Wang Yuankui (王元逵; 812–854), formally Duke Zhong of Taiyuan (太原忠公), was a general of the Chinese dynasty Tang dynasty. Like his father Wang Tingcou, Wang Yuankui ruled Chengde Circuit (成德, headquartered in modern Shijiazhuang, Hebei) in de facto independence from the imperial government, but unlike Wang Tingcou, he was respectful to the imperial government and often followed its orders.

== Background ==
Wang Yuankui was born in 812, during the reign of Emperor Xianzong, when his father Wang Tingcou was probably serving as an officer under Wang Chengzong, then the military governor of Chengde, whose family Wang Tingcou was related to by adoption—as Wang Tingcou's great-grandfather Wang Wugezhi (王五哥之) was an adoptive son of Wang Chengzong's grandfather Wang Wujun.

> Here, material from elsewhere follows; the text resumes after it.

(* Fix $\eta\in\mathcal H_Q$ and an object $(W,\{\alpha_{i,\hbar}(z)\}_{i\in I},\{e^\pm_{i,\hbar}(z)\}_{i\in I})$ of $\mathcal A_\hbar^\eta(Q)$. Let $\varphi(\cdot,z):\mathfrak h\to\mathcal E_\hbar(W)$ be the unique linear map with $\varphi(\alpha_i,z)+\Phi(\eta'(\alpha_i,z),\varphi)=\alpha_{i,\hbar}(z)$ for all $i\in I$. Then for all $i,j\in I$: $$[\varphi(\alpha_i,z_1),\alpha_{j,\hbar}(z_2)]=\langle\alpha_i,\alpha_j\rangle\tfrac{\partial}{\partial z_2}z_1^{-1}\delta\big(\tfrac{z_2}{z_1}\big)+\langle\eta''(\alpha_j,z_2-z_1),\alpha_i\rangle,$$ $$[\varphi(\alpha_i,z_1),e^\pm_{j,\hbar}(z_2)]=\pm\langle\alpha_i,\alpha_j\rangle e^\pm_{j,\hbar}(z_2)z_1^{-1}\delta\big(\tfrac{z_2}{z_1}\big)\pm\langle\eta'(\alpha_j,z_2-z_1),\alpha_i\rangle e^\pm_{j,\hbar}(z_2),$$ $$[\varphi(\alpha_i,z_1),\varphi(\alpha_j,z_2)]=\langle\alpha_i,\alpha_j\rangle\tfrac{\partial}{\partial z_2}z_1^{-1}\delta\big(\tfrac{z_2}{z_1}\big).$$
   Context: $\hbar$-adic setting: a $\mathbb{C}[[\hbar]]$-module is topologically free if it equals $W_0[[\hbar]]$; for such $W$, $\mathcal E_\hbar(W)=\mathrm{Hom}_{\mathbb C[[\hbar]]}(W,W_0((z))[[\hbar]])$. $Q=\bigoplus_{i\in I}\mathbb Z\alpha_i$ ($I$ finite) is a non-degenerate even lattice, $\mathfrak h=\mathbb C\otimes_{\mathbb Z}Q$ with form $\langle\cdot,\cdot\rangle$. $\mathcal H_Q$ is the set of linear maps $\eta:\mathfrak h\to\mathfrak h\otimes\mathbb C((z))[[\hbar]]$ with $\eta(\alpha_i,z)|_{\hbar=0}\in\mathfrak h\otimes z\mathbb C[[z]]$ and $\eta(\alpha_i,z)^-\in\mathfrak h\otimes\hbar\mathbb C[z^{-1}][[\hbar]]$ for all $i$ ($g^\pm$ = regular/singular part). $\eta'=\partial_z\eta$, $\eta''=\partial_z^2\eta$; $\langle\cdot,\cdot\rangle$ is extended $\mathbb C((z))[[\hbar]]$-bilinearly. $\Phi(h\otimes f(z),\varphi)=\mathrm{Res}_{z_1}\varphi(h,z_1)f(z-z_1)$ ($f(z-z_1)$ expanded in nonnegative powers of $z_1$), extended linearly; the map $\varphi$ in the claim exists uniquely. Convention: a function of $z_1-z_2$ is expanded in nonnegative powers of $z_2$, one of $z_2-z_1$ in nonnegative powers of $z_1$; $\iota_{z_1,z_2}$ denotes expansion in nonnegative powers of $z_2$. The category $\mathcal A_\hbar^\eta(Q)$: objects are topologically free $\mathbb C[[\hbar]]$-modules $W$ with fields $\alpha_{i,\hbar}(z),e^\pm_{i,\hbar}(z)\in\mathcal E_\hbar(W)$ ($i\in I$) such that for all $i,j\in I$: (AQ1) $[\alpha_{i,\hbar}(z_1),\alpha_{j,\hbar}(z_2)]=\langle\alpha_i,\alpha_j\rangle\frac{\partial}{\partial z_2}z_1^{-1}\delta(\frac{z_2}{z_1})-\langle\eta''(\alpha_i,z_1-z_2),\alpha_j\rangle+\langle\eta''(\alpha_j,z_2-z_1),\alpha_i\rangle$; (AQ2) $[\alpha_{i,\hbar}(z_1),e^\pm_{j,\hbar}(z_2)]=\pm\langle\alpha_i,\alpha_j\rangle e^\pm_{j,\hbar}(z_2)z_1^{-1}\delta(\frac{z_2}{z_1})\pm\langle\eta'(\alpha_i,z_1-z_2),\alpha_j\rangle e^\pm_{j,\hbar}(z_2)\pm\langle\eta'(\alpha_j,z_2-z_1),\alpha_i\rangle e^\pm_{j,\hbar}(z_2)$; (AQ3) there is $P_{ij}(z)\in\mathbb C((z))[[\hbar]]$ with $\iota_{z_1,z_2}e^{-\langle\eta(\alpha_i,z_1-z_2),\alpha_j\rangle}P_{ij}(z_1-z_2)e^\pm_{i,\hbar}(z_1)e^\pm_{j,\hbar}(z_2)=\iota_{z_2,z_1}e^{-\langle\eta(\alpha_j,z_2-z_1),\alpha_i\rangle}P_{ij}(z_1-z_2)e^\pm_{j,\hbar}(z_2)e^\pm_{i,\hbar}(z_1)$; (AQ4) there is $Q_{ij}(z)\in\mathbb C((z))[[\hbar]]$ with $\iota_{z_1,z_2}e^{\langle\eta(\alpha_i,z_1-z_2),\alpha_j\rangle}Q_{ij}(z_1-z_2)e^\pm_{i,\hbar}(z_1)e^\mp_{j,\hbar}(z_2)=\iota_{z_2,z_1}e^{\langle\eta(\alpha_j,z_2-z_1),\alpha_i\rangle}Q_{ij}(z_1-z_2)e^\mp_{j,\hbar}(z_2)e^\pm_{i,\hbar}(z_1)$; (AQ5) $\frac{d}{dz}e^\pm_{i,\hbar}(z)=\pm\alpha_{i,\hbar}(z)^+e^\pm_{i,\hbar}(z)\pm e^\pm_{i,\hbar}(z)\alpha_{i,\hbar}(z)^--\langle\eta'(\alpha_i,0)^+,\alpha_i\rangle e^\pm_{i,\hbar}(z)$, where $\eta'(\alpha_i,0)^+$ is the regular part evaluated at $z=0$; (AQ6) $\iota_{z_1,z_2}e^{\langle\eta(\alpha_i,z_1-z_2),\alpha_i\rangle}(z_1-z_2)^{\langle\alpha_i,\alpha_i\rangle}e^+_{i,\hbar}(z_1)e^-_{i,\hbar}(z_2)=\iota_{z_2,z_1}e^{\langle\eta(\alpha_i,z_2-z_1),\alpha_i\rangle}(z_1-z_2)^{\langle\alpha_i,\alpha_i\rangle}e^-_{i,\hbar}(z_2)e^+_{i,\hbar}(z_1)$, and $\big(e^{\langle\eta(\alpha_i,z_1-z_2),\alpha_i\rangle}(z_1-z_2)^{\langle\alpha_i,\alpha_i\rangle}e^+_{i,\hbar}(z_1)e^-_{i,\hbar}(z_2)\big)|_{z_1=z_2}=1$. Morphisms are $\mathbb C[[\hbar]]$-linear maps commuting with all the fields. *)

theory Defs
  imports Complex_Main "HOL-Library.Groups_Big_Fun"
begin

After Wang Chengzong's death in 820, the imperial government briefly took over control of Chengde, but in 821, soldiers led by Wang Tingcou mutinied and killed the imperially-commissioned military governor Tian Hongzheng, and Wang Tingcou subsequently took over as military governor, with the imperial government eventually capitulating and allowing him to do so.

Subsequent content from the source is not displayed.